_Work item_: Scan the lines below for the string "intro" and copy every one that has it.
::: Records for the task
definition admissible :: "nat \<Rightarrow> nat \<Rightarrow> ('v::real_vector \<Rightarrow> 'v \<Rightarrow> real) \<Rightarrow> (nat \<Rightarrow> 'v \<Rightarrow> 'v) \<Rightarrow> bool" where
  "admissible p q B J \<longleftrightarrow> cl_module p q J \<and> scalar_product B \<and>
     (\<forall>z u w. B (Jvec p q J z u) w = - B u (Jvec p q J z w))"

definition integral_basis :: "nat \<Rightarrow> nat \<Rightarrow> ('v::real_vector \<Rightarrow> 'v \<Rightarrow> real) \<Rightarrow> (nat \<Rightarrow> 'v \<Rightarrow> 'v)
     \<Rightarrow> ('i::finite \<Rightarrow> 'v) \<Rightarrow> bool" where
  "integral_basis p q B J v \<longleftrightarrow> inj v \<and> independent (range v) \<and> span (range v) = UNIV \<and>
     (\<forall>a b. a \<noteq> b \<longrightarrow> B (v a) (v b) = 0) \<and>
     (\<forall>a. B (v a) (v a) \<in> {1, -1}) \<and>
     (\<forall>k < p + q. \<forall>a b. B (J k (v a)) (v b) \<in> {1, -1, 0})"

definition permutes_up_to_sign :: "('v::real_vector \<Rightarrow> 'v) \<Rightarrow> ('i \<Rightarrow> 'v) \<Rightarrow> bool" where
  "permutes_up_to_sign T v \<longleftrightarrow> (\<forall>a. \<exists>b. T (v a) = v b \<or> T (v a) = - v b)"

text \<open>Generators of Cl_{s,r+1}: a_1..a_s are
  indices 0..s-1, b_1..b_{r+1} are indices s..s+r. Generators of Cl_{r,s+1}: z_1..z_r are
  indices 0..r-1, zeta_1..zeta_{s+1} are indices r..r+s.\<close>
definition JPhi :: "nat \<Rightarrow> nat \<Rightarrow> (nat \<Rightarrow> 'v \<Rightarrow> 'v) \<Rightarrow> nat \<Rightarrow> 'v \<Rightarrow> 'v" where
  "JPhi r s J k = (if k < r then J (s + k) \<circ> J (s + r)
                   else if k < r + s then J (k - r) \<circ> J (s + r)
                   else J (s + r))"

end

theory Submission
  imports Defs
begin

text \<open>In Cl(s, r+1) the last generator b squares to 1 and anticommutes with all other
  generators e, so the products e b anticommute pairwise, square to minus the square of e,
  and anticommute with b: together with b they satisfy the relations of Cl(r, s+1).
  Skew-adjointness of J(e) J(b) follows from that of J(e) and J(b) and their anticommutation.
  The value condition of an integral basis holds for every operator permuting the basis up to
  sign, and this property is preserved under composition.\<close>

lemma admissible_generator_skew:
  assumes "admissible p q B J" "k < p + q"
  shows "B (J k u) w = - B u (J k w)"
proof -
  define e where "e = (\<lambda>i::nat. if i = k then (1::real) else 0)"
  have "Jvec p q J e x = J k x" for x
  proof -
    have "Jvec p q J e x = (\<Sum>i<p+q. if i = k then J i x else 0)"
      unfolding Jvec_def by (intro sum.cong) (auto simp: e_def)
    with assms(2) show ?thesis by simp
  qed
  with assms(1) show ?thesis
    unfolding admissible_def by metis
qed

lemma admissibleI_generators:
  assumes "cl_module p q J" "scalar_product B"
    and skew: "\<And>k u w. k < p + q \<Longrightarrow> B (J k u) w = - B u (J k w)"
  shows "admissible p q B J"
proof -
  have "bilinear B" using assms(2) unfolding scalar_product_def by blast
  then have l: "linear (\<lambda>x. B x w)" and r: "linear (B u)" for u w
    by (auto simp: bilinear_def)
  have "B (Jvec p q J z u) w = - B u (Jvec p q J z w)" for z u w
  proof -
    have "B (Jvec p q J z u) w = (\<Sum>k<p+q. z k * B (J k u) w)"
      unfolding Jvec_def by (simp add: linear_sum[OF l] linear_scale[OF l])
    also have "\<dots> = (\<Sum>k<p+q. - (z k * B u (J k w)))"
      using skew by (intro sum.cong) auto
    also have "\<dots> = - B u (Jvec p q J z w)"
      unfolding Jvec_def by (simp add: linear_sum[OF r] linear_scale[OF r] sum_negf)
    finally show ?thesis .
  qed
  with assms(1,2) show ?thesis
    unfolding admissible_def by blast
qed

lemma cl_module_square:
  assumes "cl_module p q J" "m < p + q"
  shows "J m (J m x) = (- gram p q m m) *\<^sub>R x"
proof -
  have "J m (J m x) + J m (J m x) = (-2 * gram p q m m) *\<^sub>R x"
    using assms unfolding cl_module_def by blast
  then have "2 *\<^sub>R J m (J m x) = 2 *\<^sub>R ((- gram p q m m) *\<^sub>R x)"
    by (simp add: scaleR_2)
  then show ?thesis by (metis scaleR_cancel_left zero_neq_numeral)
qed

lemma cl_module_anticommute:
  assumes "cl_module p q J" "m < p + q" "n < p + q" "m \<noteq> n"
  shows "J m (J n x) = - J n (J m x)"
proof -
  have "J m (J n x) + J n (J m x) = (-2 * gram p q m n) *\<^sub>R x"
    using assms unfolding cl_module_def by blast
  with assms(4) show ?thesis by (simp add: gram_def eq_neg_iff_add_eq_0)
qed

lemma permutes_up_to_sign_comp:
  assumes "linear T" "permutes_up_to_sign T v" "permutes_up_to_sign S v"
  shows "permutes_up_to_sign (T \<circ> S) v"
  unfolding permutes_up_to_sign_def
proof
  fix a
  obtain c where c: "S (v a) = v c \<or> S (v a) = - v c"
    using assms(3) unfolding permutes_up_to_sign_def by blast
  obtain d where d: "T (v c) = v d \<or> T (v c) = - v d"
    using assms(2) unfolding permutes_up_to_sign_def by blast
  have "T (- v c) = - T (v c)" using assms(1) by (simp add: linear_neg)
  with c d show "\<exists>b. (T \<circ> S) (v a) = v b \<or> (T \<circ> S) (v a) = - v b"
    by (auto intro!: exI[of _ d])
qed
::::::
_Answer to the exercise_:
      unfolding Jvec_def by (intro sum.cong) (auto simp: e_def)
      using skew by (intro sum.cong) auto
    by (auto intro!: exI[of _ d])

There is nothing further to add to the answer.